Avoiding catastrophic forgetting by learning loss functions with a neural net, for each of the tasks, and using them as part of the loss when doing new tasks.. Hmm probably won't work.. Could just save the networks trained on the previous tasks and using them as extra labels.. Nah, because inputs likely to be from different distribution..

Best way of evolving hypernets?

Evolve GANs!!


Mutar los seeds (tipo 1 por mutacion, y mutar preferentemente los más recientes).

self-referential nets..

Capsule networks functional maps manifolds. capsule networks inverse graphics <> DrawRNN

codewords to learn text representations

predictive learning. LeCun agreed that reward needs to be intrinsic, and rich – rather than learning from occasional task-specific rewards, AI systems should learn by constantly predicting “everything from everything”, without requiring training labels or a task definition. Once you understand the world (unsupervised/predictive learning) it's much easier to learn how to act (policy/RL)

Measure complexity of policies.

deform graph and reuse spectral representations, to navigate in similar graphs?

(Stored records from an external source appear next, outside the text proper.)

(* Vertex x is identified with the unique automorphism mapping 0 to x; the resulting group law
   on the vertices is x + y = translation x y. *)
definition translation :: "nat \<Rightarrow> nat \<Rightarrow> nat" where
  "translation x = (SOME \<sigma>. \<sigma> \<in> Aut \<and> \<sigma> 0 = x)"

lemma translation:
  assumes "x < n"
  shows "translation x \<in> Aut" and "translation x 0 = x"
proof -
  have "\<exists>\<sigma>. \<sigma> \<in> Aut \<and> \<sigma> 0 = x" using transitive assms nonempty unfolding vertex_transitive_def by blast
  from someI_ex[OF this] show "translation x \<in> Aut" "translation x 0 = x"
    unfolding translation_def by auto
qed

lemma translation_eq: "\<sigma> \<in> Aut \<Longrightarrow> translation (\<sigma> 0) = \<sigma>"
  using automorphism_eqI translation automorphismD(2) nonempty by metis

definition inversion :: "nat \<Rightarrow> nat" where
  "inversion x = (if x < n then Hilbert_Choice.inv (translation x) 0 else x)"

lemma inversion_less:
  assumes "x < n"
  shows "inversion x < n"
  using automorphismD(2)[OF automorphism_inv[OF translation(1)[OF assms]] nonempty] assms
  by (simp add: inversion_def)

lemma translation_inversion: "x < n \<Longrightarrow> translation x (inversion x) = 0"
  unfolding inversion_def using permutes_inverses(1)[OF automorphismD(1)[OF translation(1)]] by simp

lemma inversion_inversion: "inversion (inversion x) = x"
proof (cases "x < n")
  case True
  have "translation (inversion x) = Hilbert_Choice.inv (translation x)"
    using translation_eq[OF automorphism_inv[OF translation(1)[OF True]]] True
    by (simp add: inversion_def)
  then have "inversion (inversion x) = translation x 0"
    using inversion_less[OF True] permutes_inv_inv[OF automorphismD(1)[OF translation(1)[OF True]]]
    by (simp add: inversion_def)
  then show ?thesis using translation(2)[OF True] by simp
qed (simp add: inversion_def)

param-fun map in rnns Turing complete? Hmm. No, But with hyperrecurrent networks, maybe yes! Giving input to the network, and giving it parameters, merge into a single thing! –> hyperrecurrent network

Evolutionary algos for GANs. They are very unstable, indicating gradient information perhaps not that useful.. Mutations that change only generator or discriminator. Unsupervised learning, is often about self-supervision, but because of lack of external supervision, probably gradients not as useful, and exploration+Occam's razor is better? Hmm. Wolfram agrees that something closer to random search (on program space!) may be better. Demis thinks AGI solutions may be very sparse, better to get as much headway from brain.

Evolutionary strategies with spiking or more general nets. neuroevolution

easily programmable nets. They need to learn concepts/abstract knowledge first #DeepMind

Try random GANs RNNs, RL

RG..

supervised learning, can use gradients very effecitvely because of supervision.

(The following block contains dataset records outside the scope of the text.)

lemma rayleigh_quotient_max_on_subspace:
  fixes A :: "real^'n^'n"
  assumes V: "subspace V" and ne: "V \<noteq> {0}"
  obtains e where "e \<in> V" "norm e = 1" "\<And>z. z \<in> V \<Longrightarrow> z \<bullet> (A *v z) \<le> (e \<bullet> (A *v e)) * (z \<bullet> z)"
proof -
  let ?S = "V \<inter> sphere 0 1"
  have "compact ?S" using closed_subspace[OF V] compact_sphere by (rule closed_Int_compact)
  obtain y where "y \<in> V" "y \<noteq> 0" using ne V subspace_0 by blast
  then have "y /\<^sub>R norm y \<in> ?S" using V subspace_scale by auto
  then have "?S \<noteq> {}" by blast
  have "continuous_on ?S (\<lambda>y. y \<bullet> (A *v y))"
    by (intro continuous_on_inner continuous_on_id linear_continuous_on
        linear_conv_bounded_linear[THEN iffD1] matrix_vector_mul_linear)
  with continuous_attains_sup[OF \<open>compact ?S\<close> \<open>?S \<noteq> {}\<close>]
  obtain e where e: "e \<in> ?S" and max: "\<And>z. z \<in> ?S \<Longrightarrow> z \<bullet> (A *v z) \<le> e \<bullet> (A *v e)"
    by blast
  have "z \<bullet> (A *v z) \<le> (e \<bullet> (A *v e)) * (z \<bullet> z)" if "z \<in> V" for z
  proof (cases "z = 0")
    case False
    then have "z /\<^sub>R norm z \<in> ?S" using that V subspace_scale by auto
    from max[OF this] have "(z \<bullet> (A *v z)) / (norm z)^2 \<le> e \<bullet> (A *v e)"
      by (simp add: matrix_vector_mult_scaleR power2_eq_square divide_inverse mult_ac)
    then show ?thesis using False by (simp add: divide_le_eq dot_square_norm mult.commute)
  qed simp
  with e show thesis using that by auto
qed

text \<open>A maximiser of the Rayleigh quotient on an invariant subspace is an eigenvector: moving
  from e in the direction of the residual w = A e - l e would otherwise increase the quotient
  to first order.\<close>
lemma symmetric_eigenvector_in_invariant_subspace:
  fixes A :: "real^'n^'n"
  assumes sym: "transpose A = A" and V: "subspace V" and inv: "\<And>y. y \<in> V \<Longrightarrow> A *v y \<in> V"
    and ne: "V \<noteq> {0}"
  obtains e where "e \<in> V" "norm e = 1" "A *v e = (e \<bullet> (A *v e)) *\<^sub>R e"
proof -
  obtain e where eV: "e \<in> V" and e1: "norm e = 1"
    and max: "\<And>z. z \<in> V \<Longrightarrow> z \<bullet> (A *v z) \<le> (e \<bullet> (A *v e)) * (z \<bullet> z)"
    using rayleigh_quotient_max_on_subspace[OF V ne] by blast
  define l where "l = e \<bullet> (A *v e)"
  define w where "w = A *v e - l *\<^sub>R e"
  have wV: "w \<in> V" unfolding w_def using inv eV V by (simp add: subspace_diff subspace_scale)
  have "2 * (w \<bullet> w) \<le> 0 + t * (l * (w \<bullet> w) - w \<bullet> (A *v w))" if "0 < t" "t \<le> 1" for t
  proof -
    have ee: "e \<bullet> e = 1" using e1 by (simp add: dot_square_norm)
    have eAw: "e \<bullet> (A *v w) = w \<bullet> (A *v e)"
      using inner_matrix_vector_symmetric[OF sym, of e w] by (simp add: inner_commute)
    have we: "w \<bullet> (A *v e) - l * (w \<bullet> e) = w \<bullet> w"
      by (simp add: w_def inner_diff_right inner_diff_left algebra_simps)
    have "e + t *\<^sub>R w \<in> V" using eV wV V by (simp add: subspace_add subspace_scale)
    from max[OF this]
    have "l + 2*t*(w \<bullet> (A *v e)) + t^2*(w \<bullet> (A *v w)) \<le> l * (1 + 2*t*(w \<bullet> e) + t^2*(w \<bullet> w))"
      by (simp add: l_def[symmetric] eAw ee inner_add_left inner_add_right matrix_vector_right_distrib
          matrix_vector_mult_scaleR power2_eq_square algebra_simps inner_commute)
    then have "t * (2 * (w \<bullet> w)) \<le> t * (t * (l * (w \<bullet> w) - w \<bullet> (A *v w)))"
      using we by (simp add: power2_eq_square algebra_simps)
    then show ?thesis using \<open>0 < t\<close> by simp
  qed
  then have "2 * (w \<bullet> w) \<le> 0" by (rule le_of_le_add_linear_near_zero[OF zero_less_one])
  then have "w \<bullet> w = 0" using inner_ge_zero[of w] by linarith
  then have "A *v e = l *\<^sub>R e" by (simp add: w_def)
  then show thesis using that eV e1 l_def by blast
qed

definition orthonormal_eigenvectors :: "real^'n^'n \<Rightarrow> (real^'n) set \<Rightarrow> bool" where
  "orthonormal_eigenvectors A F \<longleftrightarrow> finite F \<and> pairwise orthogonal F \<and>
     (\<forall>f\<in>F. norm f = 1 \<and> A *v f = (f \<bullet> (A *v f)) *\<^sub>R f)"

lemma orthonormal_eigenvectors_inner:
  "orthonormal_eigenvectors A F \<Longrightarrow> f \<in> F \<Longrightarrow> g \<in> F \<Longrightarrow> f \<bullet> g = (if f = g then 1 else 0)"
  unfolding orthonormal_eigenvectors_def pairwise_def orthogonal_def by (auto simp: dot_square_norm)

lemma orthonormal_eigenvectors_coeff:
  assumes "orthonormal_eigenvectors A F" "g \<in> F"
  shows "g \<bullet> (\<Sum>f\<in>F. c f *\<^sub>R f) = c g"
proof -
  have "g \<bullet> (\<Sum>f\<in>F. c f *\<^sub>R f) = (\<Sum>f\<in>F. if f = g then c f else 0)"
    unfolding inner_sum_right
    by (intro sum.cong) (auto simp: orthonormal_eigenvectors_inner[OF assms(1) assms(2)])
  also have "\<dots> = c g" using assms by (simp add: orthonormal_eigenvectors_def)
  finally show ?thesis .
qed

lemma orthonormal_eigenvectors_card:
  fixes A :: "real^'n^'n"
  assumes "orthonormal_eigenvectors A F"
  shows "card F \<le> CARD('n)"
proof -
  have "independent F"
    using assms pairwise_orthogonal_independent by (force simp: orthonormal_eigenvectors_def)
  then show ?thesis using independent_bound by fastforce
qed

lemma orthogonal_complement_invariant:
  fixes A :: "real^'n^'n"
  assumes "transpose A = A" "orthonormal_eigenvectors A F" "\<forall>f\<in>F. f \<bullet> y = 0"
  shows "\<forall>f\<in>F. f \<bullet> (A *v y) = 0"
proof
  fix f assume f: "f \<in> F"
  have "f \<bullet> (A *v y) = (A *v f) \<bullet> y" by (rule inner_matrix_vector_symmetric[OF assms(1)])
  also have "\<dots> = (f \<bullet> (A *v f)) * (f \<bullet> y)"
    using assms(2) f unfolding orthonormal_eigenvectors_def by (metis inner_scaleR_left)
  finally show "f \<bullet> (A *v y) = 0" using assms(3) f by simp
qed

text \<open>A maximal orthonormal family of eigenvectors is a basis: otherwise its orthogonal
  complement, which is invariant, would contain a further eigenvector.\<close>
lemma symmetric_orthonormal_eigenbasis:
  fixes A :: "real^'n^'n"
  assumes sym: "transpose A = A"
  obtains F where "orthonormal_eigenvectors A F" "\<And>x. x = (\<Sum>f\<in>F. (f \<bullet> x) *\<^sub>R f)"
proof -
  have "orthonormal_eigenvectors A {}" by (simp add: orthonormal_eigenvectors_def)
  moreover have "\<forall>G. orthonormal_eigenvectors A G \<longrightarrow> card G < Suc CARD('n)"
    using orthonormal_eigenvectors_card[of A] by (simp add: less_Suc_eq_le)
  ultimately obtain F where F: "orthonormal_eigenvectors A F"
    and maximal: "\<And>G. orthonormal_eigenvectors A G \<Longrightarrow> card G \<le> card F"
    using ex_has_greatest_nat[of "orthonormal_eigenvectors A" "{}" card] by blast
  define V where "V = {y. \<forall>f\<in>F. f \<bullet> y = 0}"
  have V: "subspace V" unfolding V_def subspace_def by (auto simp: inner_add_right)
  have "V = {0}"
  proof (rule ccontr)
    assume "V \<noteq> {0}"
    moreover have "A *v y \<in> V" if "y \<in> V" for y
      using orthogonal_complement_invariant[OF sym F] that by (simp add: V_def)
    ultimately obtain e where e: "e \<in> V" "norm e = 1" "A *v e = (e \<bullet> (A *v e)) *\<^sub>R e"
      using symmetric_eigenvector_in_invariant_subspace[OF sym V] by blast
    then have "e \<notin> F" by (auto simp: V_def dot_square_norm)
    have "orthonormal_eigenvectors A (insert e F)"
      using F e unfolding orthonormal_eigenvectors_def V_def pairwise_insert orthogonal_def
      by (auto simp: inner_commute)
    from maximal[OF this] show False
      using \<open>e \<notin> F\<close> F by (simp add: orthonormal_eigenvectors_def)
  qed
  moreover have "x - (\<Sum>f\<in>F. (f \<bullet> x) *\<^sub>R f) \<in> V" for x
    unfolding V_def using orthonormal_eigenvectors_coeff[OF F] by (simp add: inner_diff_right)
  ultimately show thesis using that F by auto
qed

lemma psd_sqrt_eigenvector:
  fixes R :: "real^'n^'n"
  assumes "psd R" and RR: "R *v (R *v f) = \<mu> *\<^sub>R f" and "0 \<le> \<mu>"
  shows "R *v f = sqrt \<mu> *\<^sub>R f"
proof -
  have R_sym: "transpose R = R" and R_pos: "\<And>v. 0 \<le> v \<bullet> (R *v v)"
    using assms(1) by (auto simp: psd_def)
  show ?thesis
  proof (cases "\<mu> = 0")
    case True
    have "(R *v f) \<bullet> (R *v f) = f \<bullet> (R *v (R *v f))"
      by (rule inner_matrix_vector_symmetric[OF R_sym, symmetric])
    then show ?thesis using RR True by simp
  next
    case False
    define \<sigma> where "\<sigma> = sqrt \<mu>"
    have "\<sigma> > 0" "\<sigma> * \<sigma> = \<mu>" using False \<open>0 \<le> \<mu>\<close> by (auto simp: \<sigma>_def)
    define w where "w = R *v f - \<sigma> *\<^sub>R f"
    have "R *v w = (- \<sigma>) *\<^sub>R w"
      using \<open>\<sigma> * \<sigma> = \<mu>\<close> by (simp add: w_def RR matrix_vector_mult_diff_distrib
          matrix_vector_mult_scaleR algebra_simps)
    then have "\<sigma> * (w \<bullet> w) \<le> 0" using R_pos[of w] by simp
    then have "w \<bullet> w = 0" using \<open>\<sigma> > 0\<close> inner_ge_zero[of w] by (simp add: mult_le_0_iff)
    then show ?thesis by (simp add: w_def \<sigma>_def)
  qed
qed

lemma matrix_eq_on_basis_expansion:
  fixes M N :: "real^'n^'n"
  assumes expansion: "\<And>x. x = (\<Sum>f\<in>F. (f \<bullet> x) *\<^sub>R f)" and eq: "\<And>f. f \<in> F \<Longrightarrow> M *v f = N *v f"
  shows "M = N"
  unfolding matrix_eq
proof
  fix x
  have expand: "L *v x = (\<Sum>f\<in>F. (f \<bullet> x) *\<^sub>R (L *v f))" for L :: "real^'n^'n"
    by (subst expansion[of x]) (simp add: matrix_vector_mult_sum_right matrix_vector_mult_scaleR)
  show "M *v x = N *v x" unfolding expand using eq by simp
qed

lemma psd_sqrt_exists_unique:
  fixes A :: "real^'n^'n"
  assumes "psd A"
  shows "\<exists>!S. psd S \<and> S ** S = A"
proof -
  have A_sym: "transpose A = A" and A_pos: "\<And>v. 0 \<le> v \<bullet> (A *v v)"
    using assms by (auto simp: psd_def)
  obtain F where F: "orthonormal_eigenvectors A F" and expansion: "\<And>x. x = (\<Sum>f\<in>F. (f \<bullet> x) *\<^sub>R f)"
    using symmetric_orthonormal_eigenbasis[OF A_sym] by blast
  define \<mu> where "\<mu> f = f \<bullet> (A *v f)" for f
  have eig: "A *v f = \<mu> f *\<^sub>R f" if "f \<in> F" for f
    using F that by (simp add: orthonormal_eigenvectors_def \<mu>_def)
  have \<mu>_nonneg: "0 \<le> \<mu> f" for f by (simp add: \<mu>_def A_pos)
  define S where "S = (\<Sum>f\<in>F. sqrt (\<mu> f) *\<^sub>R outer f)"
  have S_mult: "S *v v = (\<Sum>f\<in>F. (sqrt (\<mu> f) * (f \<bullet> v)) *\<^sub>R f)" for v
    by (simp add: S_def matrix_vector_mult_sum_left scaleR_matrix_vector_assoc outer_matrix_vector_mult)
  have S_eig: "S *v f = sqrt (\<mu> f) *\<^sub>R f" if "f \<in> F" for f
  proof -
    have "g \<bullet> (S *v f) = g \<bullet> (sqrt (\<mu> f) *\<^sub>R f)" if "g \<in> F" for g
      using orthonormal_eigenvectors_coeff[OF F that] orthonormal_eigenvectors_inner[OF F that \<open>f \<in> F\<close>]
      by (simp add: S_mult inner_commute)
    then show ?thesis using expansion by (metis (no_types, lifting) sum.cong)
  qed
  have "psd S"
  proof -
    have "transpose S = S" by (simp add: S_def transpose_sum transpose_scalar transpose_outer)
    moreover have "v \<bullet> (S *v v) = (\<Sum>f\<in>F. sqrt (\<mu> f) * (f \<bullet> v)^2)" for v
      by (simp add: S_mult inner_sum_right power2_eq_square inner_commute mult.assoc)
    then have "0 \<le> v \<bullet> (S *v v)" for v by (simp add: sum_nonneg \<mu>_nonneg)
    ultimately show ?thesis by (simp add: psd_def)
  qed
  moreover have "S ** S = A"
    using expansion by (rule matrix_eq_on_basis_expansion)
      (simp add: matrix_vector_mul_assoc[symmetric] S_eig eig matrix_vector_mult_scaleR \<mu>_nonneg)
  moreover have "R = S" if "psd R" "R ** R = A" for R
    using expansion
  proof (rule matrix_eq_on_basis_expansion)
    fix f assume "f \<in> F"
    then have "R *v (R *v f) = \<mu> f *\<^sub>R f" using \<open>R ** R = A\<close> eig by (simp add: matrix_vector_mul_assoc)
    then show "R *v f = S *v f" using psd_sqrt_eigenvector[OF \<open>psd R\<close> _ \<mu>_nonneg] S_eig \<open>f \<in> F\<close> by simp
  qed
  ultimately show ?thesis by blast
qed

lemma psd_msqrt:
  assumes "psd A"
  shows "psd (msqrt A)" "msqrt A ** msqrt A = A"
  using theI'[OF psd_sqrt_exists_unique[OF assms]] by (simp_all add: msqrt_def)

lemma frob_inv_outer_inv_msqrt:
  fixes X :: "real^'n^'n"
  assumes "psd X" "invertible X"
  shows "frob (matrix_inv X) (outer (matrix_inv (msqrt X) *v w)) = norm (matrix_inv X *v w)^2"
proof -
  define S P Q where "S = msqrt X" and "P = matrix_inv X" and "Q = matrix_inv S"
  have SS: "S ** S = X" and S_sym: "transpose S = S"
    using psd_msqrt[OF assms(1)] by (auto simp: S_def psd_def)
  have XP: "X ** P = mat 1" using assms(2) by (simp add: P_def matrix_inv_right)
  have "S ** (S ** P) = mat 1" using XP SS by (simp add: matrix_mul_assoc)
  then have SQ: "S ** Q = mat 1"
    unfolding Q_def by (meson invertible_right_inverse matrix_inv_right)
  have "X ** (Q ** Q) = S ** ((S ** Q) ** Q)" by (simp add: SS[symmetric] matrix_mul_assoc)
  then have PQQ: "P = Q ** Q" unfolding P_def using SQ by (simp add: matrix_inv_unique)
  have Q_sym: "transpose Q = Q" by (rule symmetric_right_inverse[OF S_sym SQ])
  have P_sym: "transpose P = P" using assms(1) XP by (auto simp: psd_def intro: symmetric_right_inverse)
  have "frob P (outer (Q *v w)) = (Q *v w) \<bullet> (P *v (Q *v w))" by (rule frob_outer)
  also have "\<dots> = w \<bullet> (Q *v (P *v (Q *v w)))" by (rule inner_matrix_vector_symmetric[OF Q_sym, symmetric])
  also have "\<dots> = w \<bullet> (P *v (P *v w))" by (simp add: matrix_vector_mul_assoc PQQ matrix_mul_assoc)
  also have "\<dots> = norm (P *v w)^2"
    by (simp add: inner_matrix_vector_symmetric[OF P_sym] power2_norm_eq_inner)
  finally show ?thesis by (simp add: P_def Q_def S_def)
qed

try pluggin trained gan to trained cnn to optimize to generate images of particular categories –> seems to work for MNIST. Try multi-objective. Otherwise, just randomly search GAN inputs, as there aren't that many outputs, so easy to find any by random search.. so not that interesting. But with multi-objective (cat+bicycle or whatever) the space grows combinatorially


When you start making a list of successively harder tasks for AI, and you realize you are writting about the history of life

Tasks * Navigate (change location). Need basic understanding of space. Follow gradients, for instance, chemotaxis.. • Forage. Find food/water. Need memory for this. Need more understanding of space and time. Grid and place cells, hippocampus. • Flee. Need very good perception, outlier detection, super good navigation, basics of causality. Attention mechanicsms. • Attack/hunt. Need even better navigation. Stealth, super basic theory of mind (I don't want to be heard). • Build (change arrangement of objects). Basic world modeling • Socialize. More advanced world modeling, and theory of mind • Communicate. More advanced socialization • Make tools. More advanced world modeling, planning-oriented • Make more tools. • Make art. Tools for thinking. Thoughts that cause actions that change the world in ways that evoke new thoughts. You start seeing your own thoughts. Metacognition. Self-awareness. Because you realize you can control thoughts, you starting becoming aware of them! • Writing. Realize the above can be useful for communication. • First technological singularity • ..."history"... • Try to overcome the limits of biology by reverse engineering yourself.

DeepMind's idea is that you can't just make AI by working on natural language processing (akin to jumping to the communicate, or writting parts), because that thing is built on top of the previous machinery. My attempt above was to make a list of things that only rely on things before, so that it makes sense to work on them in that order.

– make mini brain RL nn, plug to the web


why is training when input is +/-1 instead of 0/1 so much worse??